It would be better if you could share some more details and screenshots of which dashboard in your model you're talking about, but it totally depends on what user role has been given to the user and if that role has read access to all modules, and the same goes with actions.
@Dikshant thanks for the reply. We haven't started development/implementation work yet but just thinking for the future. I am curious though if a user with read-only roles could still approve, in either the enhanced workflow or through standard functionality. I believe if they want to write data back to the model it wouldn't work, but curious about just the approval component.

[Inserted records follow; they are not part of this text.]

lemma ratio_in_C: "a \<in> V \<Longrightarrow> b \<in> V \<Longrightarrow> a \<noteq> b \<Longrightarrow> ratio w a b \<in> C"
  unfolding ratio_def by (simp add: admissible_in_C admissible_runit_diff)

lemma cross_factor_in_C:
  assumes "A \<subseteq> V" "B \<subseteq> V" "A \<inter> B = {}" "p \<in> A \<times> B"
  shows "(\<lambda>(a, b). ratio w a b) p \<in> C"
proof -
  obtain a b where "p = (a, b)" "a \<in> A" "b \<in> B" using assms(4) by blast
  moreover have "a \<noteq> b" using calculation(2,3) assms(3) by blast
  ultimately show ?thesis using assms(1,2) ratio_in_C by auto
qed

lemma cross_in_C: "A \<subseteq> V \<Longrightarrow> B \<subseteq> V \<Longrightarrow> A \<inter> B = {} \<Longrightarrow> cross w A B \<in> C"
  unfolding cross_def by (intro bprod_closed[OF pairwise_commute_x] cross_factor_in_C)

lemma cross_Un_left:
  assumes "A \<union> A' \<subseteq> V" "B \<subseteq> V" "(A \<union> A') \<inter> B = {}" "A \<inter> A' = {}"
  shows "cross w (A \<union> A') B = cross w A B * cross w A' B"
  unfolding cross_def Sigma_Un_distrib1
  using assms cross_factor_in_C[OF assms(1-3)]
  by (intro bprod_Un[OF pairwise_commute_x]) (auto intro: finite_subset_V)

lemma cross_Un_right:
  assumes "A \<subseteq> V" "B \<union> B' \<subseteq> V" "A \<inter> (B \<union> B') = {}" "B \<inter> B' = {}"
  shows "cross w A (B \<union> B') = cross w A B * cross w A B'"
  unfolding cross_def Sigma_Un_distrib2
  using assms cross_factor_in_C[OF assms(1-3)]
  by (intro bprod_Un[OF pairwise_commute_x]) (auto intro: finite_subset_V)

lemma cross_singleton_left:
  assumes "a \<in> V" "B \<subseteq> V" "a \<notin> B"
  shows "cross w {a} B = bprod (x ` V) (ratio w a) B"
proof -
  have "{a} \<times> B = Pair a ` B" by auto
  then have "cross w {a} B = bprod (x ` V) (\<lambda>(a, b). ratio w a b) (Pair a ` B)"
    unfolding cross_def by simp
  also have "\<dots> = bprod (x ` V) (ratio w a) B"
    using assms by (subst bprod_reindex[OF pairwise_commute_x]) (auto simp: inj_on_def intro!: ratio_in_C)
  finally show ?thesis .
qed

lemma cross_singleton_right:
  assumes "A \<subseteq> V" "b \<in> V" "b \<notin> A"
  shows "cross w A {b} = bprod (x ` V) (\<lambda>a. ratio w a b) A"
proof -
  have "A \<times> {b} = (\<lambda>a. (a, b)) ` A" by auto
  then have "cross w A {b} = bprod (x ` V) (\<lambda>(a, b). ratio w a b) ((\<lambda>a. (a, b)) ` A)"
    unfolding cross_def by simp
  also have "\<dots> = bprod (x ` V) (\<lambda>a. ratio w a b) A"
    using assms by (subst bprod_reindex[OF pairwise_commute_x]) (auto simp: inj_on_def intro!: ratio_in_C)
  finally show ?thesis .
qed

lemma xpow_in_C: "J \<subseteq> V \<Longrightarrow> xpow w N J \<in> C"
  unfolding xpow_def by (auto intro!: bprod_closed[OF pairwise_commute_x] simp: admissible_in_C admissible_runit)

lemma xpow_singleton: "i \<in> V \<Longrightarrow> xpow w N {i} = zpow (w i) N"
  unfolding xpow_def by (simp add: pairwise_commute_x admissible_in_C admissible_runit)

lemma xpow_remove:
  assumes "J \<subseteq> V" "i \<in> J"
  shows "xpow w N J = zpow (w i) N * xpow w N (J - {i})"
  unfolding xpow_def using assms
  by (intro bprod_remove[OF pairwise_commute_x]) (auto intro: finite_subset_V simp: admissible_in_C admissible_runit)

end

lemma cross_cong:
  assumes "admissible w" "A \<subseteq> V" "B \<subseteq> V" "A \<inter> B = {}" "\<And>l. l \<in> A \<union> B \<Longrightarrow> v l = w l"
  shows "cross v A B = cross w A B"
  unfolding cross_def using assms cross_factor_in_C[OF assms(1-4)]
  by (intro bprod_cong[OF pairwise_commute_x]) (auto simp: ratio_def)

lemma xpow_cong:
  assumes "admissible w" "J \<subseteq> V" "\<And>l. l \<in> J \<Longrightarrow> v l = w l"
  shows "xpow v N J = xpow w N J"
  unfolding xpow_def using assms
  by (intro bprod_cong[OF pairwise_commute_x]) (auto simp: admissible_in_C admissible_runit)

lemma cross_shift_inside:
  assumes "A \<subseteq> L" "B \<subseteq> L" "A \<subseteq> V" "B \<subseteq> V" "A \<inter> B = {}"
  shows "cross (shift L) A B = cross x A B"
  unfolding cross_def
proof (intro bprod_cong[OF pairwise_commute_x])
  fix p assume p: "p \<in> A \<times> B"
  then obtain a b where ab: "p = (a, b)" "a \<in> A" "b \<in> B" by blast
  then have ab: "p = (a, b)" "a \<in> V" "b \<in> V" "a \<noteq> b" "a \<in> L" "b \<in> L"
    using assms by blast+
  have "q * x a - q * x b = q * (x a - x b)" by (simp add: right_diff_distrib)
  then have "ratio (shift L) a b = q * x a * (rinv (x a - x b) * rinv q)"
    unfolding ratio_def using ab by (simp add: shift_in runit_mult)
  also have "\<dots> = (q * rinv q) * ratio x a b"
    unfolding ratio_def using ab by (simp add: mult.assoc C_commute C_left_commute)
  finally show "(\<lambda>(a, b). ratio (shift L) a b) p = (\<lambda>(a, b). ratio x a b) p"
    using ab by (simp add: runit_right_inverse)
  show "(\<lambda>(a, b). ratio x a b) p \<in> C" using cross_factor_in_C[OF admissible_x assms(3-5) p] .
qed simp

lemma zpow_q_mult_x: "i \<in> V \<Longrightarrow> zpow (q * x i) n = zpow q n * zpow (x i) n"
  by (simp add: zpow_mult_bicommutant[OF pairwise_commute_x])

lemma Gprod_in_GC: "J \<subseteq> V \<Longrightarrow> Gprod J \<in> GC"
  unfolding Gprod_def by (auto intro!: bprod_closed[OF pairwise_commute_G])

lemma Gprod_commute: "J \<subseteq> V \<Longrightarrow> I \<subseteq> V \<Longrightarrow> Gprod J * Gprod I = Gprod I * Gprod J"
  by (rule bicommutant_commute[OF pairwise_commute_G Gprod_in_GC Gprod_in_GC])

lemma Gprod_insert: "J \<subseteq> V \<Longrightarrow> i \<in> V \<Longrightarrow> i \<notin> J \<Longrightarrow> Gprod (insert i J) = G i * Gprod J"
  unfolding Gprod_def by (auto intro!: bprod_insert[OF pairwise_commute_G] intro: finite_subset_V)

lemma Gprod_singleton: "i \<in> V \<Longrightarrow> Gprod {i} = G i"
  unfolding Gprod_def by (simp add: pairwise_commute_G)

lemma G_intertwines_shift:
  assumes "a \<in> V" "l \<in> V" "a \<notin> L"
  shows "intertwines (G a) (shift L l) (shift (insert a L) l)"
proof (cases "l = a")
  case True
  then show ?thesis using assms Gx_q unfolding intertwines_def shift_def V_def by simp
next
  case False
  then have Gx: "G a * x l = x l * G a" using assms Gx_comm unfolding V_def by simp
  have "G a * (q * x l) = q * (G a * x l)"
    by (simp add: mult.assoc[symmetric] c_central[of qfrak "G a", symmetric])
  with Gx False show ?thesis unfolding intertwines_def shift_def by (simp add: mult.assoc)
qed

lemma Gprod_intertwines_x:
  assumes "J \<subseteq> V" "l \<in> V"
  shows "intertwines (Gprod J) (x l) (shift J l)"
  using finite_subset_V[OF assms(1)] assms
proof (induction J rule: finite_induct)
  case empty
  then show ?case unfolding Gprod_def intertwines_def by (simp add: pairwise_commute_G)
next
  case (insert a J)
  then show ?case
    by (simp add: Gprod_insert intertwines_trans G_intertwines_shift)
qed

context
  fixes g w
  assumes w: "admissible w" and g: "\<And>l. l \<in> V \<Longrightarrow> intertwines g (x l) (w l)"
begin

lemma intertwines_cross:
  assumes "A \<subseteq> V" "B \<subseteq> V" "A \<inter> B = {}"
  shows "intertwines g (cross x A B) (cross w A B)"
  unfolding cross_def
proof (rule intertwines_bprod[OF pairwise_commute_x])
  show "finite (A \<times> B)" using assms by (simp add: finite_subset_V)
  fix p assume p: "p \<in> A \<times> B"
  show "(\<lambda>(a, b). ratio x a b) p \<in> C" "(\<lambda>(a, b). ratio w a b) p \<in> C"
    using cross_factor_in_C[OF admissible_x assms p] cross_factor_in_C[OF w assms p] .
  obtain a b where "p = (a, b)" "a \<in> V" "b \<in> V" "a \<noteq> b"
    using p assms by blast
  then show "intertwines g ((\<lambda>(a, b). ratio x a b) p) ((\<lambda>(a, b). ratio w a b) p)"
    unfolding ratio_def
    by (auto intro!: intertwines_mult intertwines_rinv intertwines_diff g admissible_runit_diff[OF w])
qed

lemma intertwines_xpow:
  assumes "J \<subseteq> V"
  shows "intertwines g (xpow x N J) (xpow w N J)"
  unfolding xpow_def using assms
  by (intro intertwines_bprod[OF pairwise_commute_x])
     (auto intro!: intertwines_zpow g simp: finite_subset_V admissible_in_C[OF w] admissible_runit[OF w])

end

definition Mterm :: "int \<Rightarrow> nat set \<Rightarrow> 'a" where
  "Mterm N J = xpow x N J * cross x J (V - J) * Gprod J"

lemma Mterm_mult:
  assumes "J \<subseteq> V" "I \<subseteq> V"
  shows "Mterm N J * Mterm p I
    = (xpow x N J * cross x J (V - J) * (xpow (shift J) p I * cross (shift J) I (V - I)))
      * (Gprod J * Gprod I)"
proof -
  have "intertwines (Gprod J) (xpow x p I * cross x I (V - I)) (xpow (shift J) p I * cross (shift J) I (V - I))"
    using assms Gprod_intertwines_x[OF assms(1)]
    by (intro intertwines_mult intertwines_xpow intertwines_cross admissible_shift) auto
  then have "Gprod J * (xpow x p I * cross x I (V - I)) * Gprod I
      = xpow (shift J) p I * cross (shift J) I (V - I) * (Gprod J * Gprod I)"
    unfolding intertwines_def by (simp add: mult.assoc)
  then show ?thesis
    unfolding Mterm_def by (simp add: mult.assoc)
qed

lemma cross_split_member:
  assumes J: "J \<subseteq> V" "i \<in> J"
  shows "cross x J (V - J) = cross x {i} (V - J) * cross x (J - {i}) (V - J)"
    and "cross (shift {i}) J (V - J) = cross (shift {i}) {i} (V - J) * cross x (J - {i}) (V - J)"
    and "cross x {i} (V - {i}) = cross x {i} (J - {i}) * cross x {i} (V - J)"
    and "cross (shift J) {i} (V - {i}) = cross x {i} (J - {i}) * cross (shift {i}) {i} (V - J)"
proof -
  have i: "i \<in> V" using J by blast
  have sets: "J = {i} \<union> (J - {i})" "V - {i} = (J - {i}) \<union> (V - J)" by (use J in auto)
  have same: "cross (shift {i}) (J - {i}) (V - J) = cross x (J - {i}) (V - J)"
    "cross (shift J) {i} (V - J) = cross (shift {i}) {i} (V - J)"
    by (rule cross_cong[OF admissible_x], use J in \<open>auto simp: shift_def\<close>)
      (rule cross_cong[OF admissible_shift], use J in \<open>auto simp: shift_def\<close>)
  show "cross x J (V - J) = cross x {i} (V - J) * cross x (J - {i}) (V - J)"
    using J i by (subst sets(1), intro cross_Un_left[OF admissible_x]) auto
  show "cross (shift {i}) J (V - J) = cross (shift {i}) {i} (V - J) * cross x (J - {i}) (V - J)"
    using J i by (subst sets(1), subst cross_Un_left[OF admissible_shift]) (auto simp: same)
  show "cross x {i} (V - {i}) = cross x {i} (J - {i}) * cross x {i} (V - J)"
    using J i by (subst sets(2), intro cross_Un_right[OF admissible_x]) auto
  have "cross (shift J) {i} (J - {i}) = cross x {i} (J - {i})"
    using J by (intro cross_shift_inside) auto
  then show "cross (shift J) {i} (V - {i}) = cross x {i} (J - {i}) * cross (shift {i}) {i} (V - J)"
    using J i by (subst sets(2), subst cross_Un_right[OF admissible_shift]) (auto simp: same)
qed

lemma Mterm_q_commute:
  assumes J: "J \<subseteq> V" "card J = k" "i \<in> J" and p: "p = N + int k + 1"
  shows "Mterm N J * Mterm p {i} = q ^ (k + 1) * (Mterm p {i} * Mterm N J)"
proof -
  have i: "i \<in> V" using J by blast
  define \<alpha> \<beta> \<gamma> P X
    where "\<alpha> = cross x {i} (V - J)" and "\<beta> = cross x {i} (J - {i})" and "\<gamma> = cross (shift {i}) {i} (V - J)"
      and "P = cross x (J - {i}) (V - J)" and "X = xpow x N (J - {i})"
  have X: "xpow x N J = zpow (x i) N * X"
    unfolding X_def by (rule xpow_remove[OF admissible_x J(1,3)])
  have "xpow (shift {i}) N (J - {i}) = X"
    unfolding X_def by (rule xpow_cong[OF admissible_x]) (use J in \<open>auto simp: shift_def\<close>)
  then have X': "xpow (shift {i}) N J = zpow (q * x i) N * X"
    using xpow_remove[OF admissible_shift J(1,3)] by (simp add: shift_in)
  have zq: "zpow q p = zpow q N * q ^ (k + 1)"
    using zpow_add_nat[OF runit_q, of N "k + 1"] p by (simp add: ac_simps)
  have C: "zpow (x i) N \<in> C" "zpow (x i) p \<in> C" "zpow q N \<in> C" "X \<in> C" "\<alpha> \<in> C" "\<beta> \<in> C" "\<gamma> \<in> C" "P \<in> C"
    unfolding \<alpha>_def \<beta>_def \<gamma>_def P_def X_def using J i
    by (auto intro!: cross_in_C xpow_in_C admissible_x admissible_shift)
  have "Mterm N J * Mterm p {i}
      = (zpow (x i) N * X * (\<alpha> * P) * (zpow (q * x i) p * (\<beta> * \<gamma>))) * (Gprod J * Gprod {i})"
    using Mterm_mult[OF J(1), of "{i}" N p] i J(3)
    by (simp add: X cross_split_member[OF J(1,3)] xpow_singleton[OF admissible_shift] shift_in
        \<alpha>_def \<beta>_def \<gamma>_def P_def)
  also have "\<dots> = q ^ (k + 1) * ((zpow (x i) p * (\<beta> * \<alpha>) * (zpow (q * x i) N * X * (\<gamma> * P))) * (Gprod {i} * Gprod J))"
    using C i J by (simp add: zpow_q_mult_x zq Gprod_commute mult.assoc C_commute C_left_commute)
  also have "\<dots> = q ^ (k + 1) * (Mterm p {i} * Mterm N J)"
    using Mterm_mult[OF _ J(1), of "{i}" p N] i
    by (simp add: X' cross_split_member[OF J(1,3)] xpow_singleton[OF admissible_x]
        \<alpha>_def \<beta>_def \<gamma>_def P_def)
  finally show ?thesis .
qed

Let's take an example you have a Finance Analyst role. After 15th of every month until the end of the month, you want to give read-only access to certain analysts. You can design this in two different ways:
First you can create a user specific DCA Setup and in all the Budgeting Modules you can use that DCA to restrict access.
Second approach is you can create a Finance Analyst Read-Only role and assign this role to the respective users. This role will have similar module access but as a Read only.
And using automation both design can be automated. But the second approach will be a bit complex in terms of automation. DCA approach is simple check/ uncheck of Booleans for each users. You can also assign groups to each users and lock bulk users to a specific group all at once.
@Dikshant I appreciate the response. I understand the approaches for setting up read-only access, whether through DCA or through a read-only role. However, I am still trying to understand if a read-only role can approve something, if they're not required to write something back to the model, such as a comment.
Read-only roles will not be able to approve anything. In that case, you need to control the read/write via DCA. So their model role will have write access, but then you control the approvals via DCA. With DCA, also make sure workspace administrators will be able to import into cells to which they don't have access. So all your end users must be non-workspace administrators.
I found some information in the Workflow training and it does specify that read-only users can approve tasks, but it doesn't specify if they can add comments.